PROVIDED RECORDS>
lemma qcong_inverse_power:
  assumes p: "prime p" and k: "\<not> p dvd k"
  shows "qcong (1 / of_nat k) (of_nat k ^ (p - 2)) p"
proof -
  have "int p dvd int k ^ (p - 1) - 1"
    using fermat_theorem[OF assms] by (simp add: cong_iff_dvd_diff flip: cong_int_iff)
  then obtain q where "int k ^ (p - 1) - 1 = int p * q"
    by (elim dvdE)
  then have q: "(of_nat k :: rat) ^ (p - 1) = 1 + of_nat p * of_int q"
    by (metis add.commute diff_add_cancel of_int_add of_int_mult of_int_of_nat_eq
        of_int_power of_int_1)
  have "k \<noteq> 0" "p \<noteq> 0"
    using k p by (metis dvd_0_right, metis not_prime_0)
  have "(of_nat k :: rat) ^ (p - 1) = of_nat k ^ (p - 2) * of_nat k"
    using prime_ge_2_nat[OF p] by (simp flip: power_Suc2 add: Suc_diff_Suc numeral_2_eq_2)
  then have "1 / of_nat k - of_nat k ^ (p - 2) = (1 - of_nat k ^ (p - 1)) / (of_nat k :: rat)"
    using \<open>k \<noteq> 0\<close> by (simp add: diff_divide_distrib)
  also have "\<dots> = of_nat p * (of_int (- q) / of_nat k)"
    unfolding q by simp
  finally have "(1 / of_nat k - of_nat k ^ (p - 2)) / of_nat p = (of_int (- q) / of_nat k :: rat)"
    using \<open>p \<noteq> 0\<close> by simp
  then show ?thesis
    unfolding qcong_def
    using p_integral_divide_of_nat[OF assms, of 1] p_integral_divide_of_nat[OF assms, of "- q"]
    by (simp add: p_integral_power)
qed

lemma qcong_inverse_pred:
  assumes p: "prime p"
  shows "qcong (1 / of_nat (p - 1)) (- 1) p"
proof -
  have "\<not> p dvd p - 1"
    using prime_gt_1_nat[OF p] by (auto dest: dvd_imp_le)
  then have "p_integral p (1 / of_nat (p - 1))"
    using p_integral_divide_of_nat[OF p, of "p - 1" 1] by simp
  moreover have "(1 / of_nat (p - 1) - (- 1)) / of_nat p = (1 / of_nat (p - 1) :: rat)"
  proof -
    have "(of_nat (p - 1) :: rat) = of_nat p - 1" "(of_nat p :: rat) - 1 \<noteq> 0"
      "(of_nat p :: rat) \<noteq> 0"
      using prime_gt_1_nat[OF p] by (simp_all add: of_nat_diff)
    then show ?thesis
      by (simp add: field_simps)
  qed
  ultimately show ?thesis
    unfolding qcong_def using p_integral_uminus[OF p_integral_1] by presburger
qed

lemma bernoulli_0 [simp]: "bernoulli 0 = 1"
  by (simp add: bernoulli.simps)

WHAT YOU NEED TO DO>
Transcribe the records above exactly, beginning at the line that contains "using p_integral_divide_of_nat[OF assms, of" and ending with the line that contains "p (1 / of_nat", both included, and nothing else.

REPLY TO THE EXERCISE>
    using p_integral_divide_of_nat[OF assms, of 1] p_integral_divide_of_nat[OF assms, of "- q"]
    by (simp add: p_integral_power)
qed

lemma qcong_inverse_pred:
  assumes p: "prime p"
  shows "qcong (1 / of_nat (p - 1)) (- 1) p"
proof -
  have "\<not> p dvd p - 1"
    using prime_gt_1_nat[OF p] by (auto dest: dvd_imp_le)
  then have "p_integral p (1 / of_nat (p - 1))"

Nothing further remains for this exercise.